II. — LES FINANCES PONTIFICALES.

Avant 1859, le domaine pontifical était subdivisé en vingt provinces et présentait une superficie de 41,852 kilomètres camés. Les derniers recensemens lui attribuaient une population de 3,125,000 âmes. Le déchirement, qui a aujourd’hui la force du fait accompli, n’a plus laissé au chef de l’église que Rome et ses dépendances, les provinces de Civita-Vecchia, Viterbe, Velletri et Frosinone, moins le duché de Ponte-Corvo, qui en a été détaché. Ainsi réduit, le domaine ecclésiastique ne mesure plus en superficie que 11,650 kilomètres carrés ; on lui attribue une population d’environ 700,000 âmes, et c’est peut-être beaucoup. Dire que le pouvoir temporel a perdu un peu moins des trois quarts de son territoire et un peu plus des trois quarts de ses sujets, ce ne serait pas donner une dée bien exacte de son affaiblissement.

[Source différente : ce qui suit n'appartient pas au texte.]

lemma cone_canon_inj_on:
  assumes "recombination_scheme leq D X" "\<rho> \<in> D"
  shows "inj_on (cone_canon leq D X \<rho>) (carrier (DXo leq D X (apex \<rho>)))"
proof
  have chrom: "chromology leq D" and X_functor: "is_functor leq X"
    using assms(1) unfolding recombination_scheme_def by blast+
  have refl: "reflp leq" and cone: "is_cone_in leq (s1 (apex \<rho>)) \<rho>"
    using chrom assms(2) unfolding chromology_def by blast+
  have apex: "is_seg (apex \<rho>)" using cone unfolding is_cone_in_def by blast
  let ?R = "Dcong leq D X (apex \<rho>)" and ?C = "carrier (Xo X (apex \<rho>))"
  have equiv: "equiv ?C ?R"
    using monoid_congruence_Dcong[OF X_functor apex] unfolding monoid_congruence_def by blast
  fix A B
  assume "A \<in> carrier (DXo leq D X (apex \<rho>))" "B \<in> carrier (DXo leq D X (apex \<rho>))"
    and canon: "cone_canon leq D X \<rho> A = cone_canon leq D X \<rho> B"
  then have "A \<in> ?C // ?R" "B \<in> ?C // ?R" by (simp_all add: DXo_def)
  define a b where "a = (SOME a. a \<in> A)" and "b = (SOME b. b \<in> B)"
  have a: "a \<in> ?C" "A = ?R `` {a}" and b: "b \<in> ?C" "B = ?R `` {b}"
    using quotient_some_rep[OF equiv \<open>A \<in> ?C // ?R\<close>] quotient_some_rep[OF equiv \<open>B \<in> ?C // ?R\<close>]
    unfolding a_def b_def by simp_all
  have "Xa X (leg \<rho> i) a = Xa X (leg \<rho> i) b" if i: "i \<in> {1..arity \<rho>}" for i
  proof -
    let ?g = "leg \<rho> i"
    let ?S = "Dcong leq D X (mtgt ?g)"
    have g: "is_mor leq ?g" "msrc ?g = apex \<rho>" using cone i unfolding is_cone_in_def by blast+
    have target: "is_seg (mtgt ?g)" using g(1) unfolding is_mor_def by blast
    have "irreducible_seg leq D X (mtgt ?g)"
      using assms i unfolding recombination_scheme_def by blast
    then have diagonal: "?S \<subseteq> Id_on (carrier (Xo X (mtgt ?g)))"
      by (rule Dcong_irreducible[OF X_functor target])
    have "equiv (carrier (Xo X (mtgt ?g))) ?S"
      using monoid_congruence_Dcong[OF X_functor target] unfolding monoid_congruence_def by blast
    moreover have "Xa X ?g a \<in> carrier (Xo X (mtgt ?g))"
      using functor_hom[OF X_functor g(1)] g(2) a(1) unfolding hom_def by auto
    ultimately have "Xa X ?g a \<in> ?S `` {Xa X ?g a}" by (rule equiv_class_self)
    also have "?S `` {Xa X ?g a} = ?S `` {Xa X ?g b}"
      using fun_cong[OF canon, of i] i unfolding cone_canon_def DXa_def a_def b_def by simp
    finally show ?thesis using diagonal by blast
  qed
  then have "(a, b) \<in> Gpb X \<rho>" using a(1) b(1) unfolding Gpb_def by blast
  then have "(a, b) \<in> ?R" using Gpb_subset_Dcong_apex[OF refl X_functor assms(2) apex] by blast
  then show "A = B" using a(2) b(2) equiv by (simp add: equiv_class_eq)
qed

lemma inj_on_imp_icm_mono:
  assumes "inj_on h (carrier M)"
  shows "icm_mono TYPE('z) M N h"
  unfolding icm_mono_def
proof (intro allI impI ballI)
  fix Z :: "'z monoid" and h1 h2 z
  assume "icm Z \<and> icm_hom Z M h1 \<and> icm_hom Z M h2 \<and> (\<forall>z\<in>carrier Z. h (h1 z) = h (h2 z))"
    and "z \<in> carrier Z"
  then have "h (h1 z) = h (h2 z)" "h1 z \<in> carrier M" "h2 z \<in> carrier M"
    unfolding icm_hom_def hom_def by auto
  with assms show "h1 z = h2 z" by (rule inj_onD)
qed

theorem mainTheorem8:
  fixes leq :: "'o \<Rightarrow> 'o \<Rightarrow> bool"
    and D :: "'o cone set"
    and X :: "('o, 'm) seg_functor"
    and \<rho> :: "'o cone"
  assumes "recombination_scheme leq D X"
    and "\<rho> \<in> D"
  shows "icm_mono TYPE('z)
           (DXo leq D X (apex \<rho>))
           (icm_prod (arity \<rho>) (\<lambda>i. DXo leq D X (mtgt (leg \<rho> i))))
           (cone_canon leq D X \<rho>)"
  using cone_canon_inj_on[OF assms] by (rule inj_on_imp_icm_mono)

end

Les provinces conservées ne sont ni les plus fertiles ni les plus industrieuses ; c’est là qu’on trouve encore les immenses domaines mis en pâtures, comme les latifundia, si funestes à l’ancienne Rome, et ces marais de mauvais renom dont les rares habitans sont de maigres consommateurs et de pauvres contribuables.

En dehors de toute considération morale, il y a une question préalable à soulever. Le pouvoir temporel, dans les conditions où il vient d’être placé, peut-il vivre matériellement ? L’expérience des dernières années ne répand aucune lumière sur ce problème ; d’une part, la cour de Rome, pour ne pas avoir l’air de reconnaître les spoliations dont elle se plaint, a voulu maintenir dans ses comptes financiers certaines charges afférentes à ses anciennes provinces : elle affecte notamment d’inscrire à son budget la totalité de l’ancienne dette publique. D’autre part, on a trouvé des ressources mystérieuses dans le denier de saint Pierre et dans plusieurs emprunts. On a donc vécu d’expédiens dans un provisoire qui ne saurait pas se prolonger.

Le budget romain n’a jamais eu ce caractère de précision qui est de rigueur chez les nations qui se respectent. Les bilans financiers, livrés au public sans aucun moyen de contrôle, ne sont que des aperçus où l’on ne saurait distinguer le provisoire du définitif.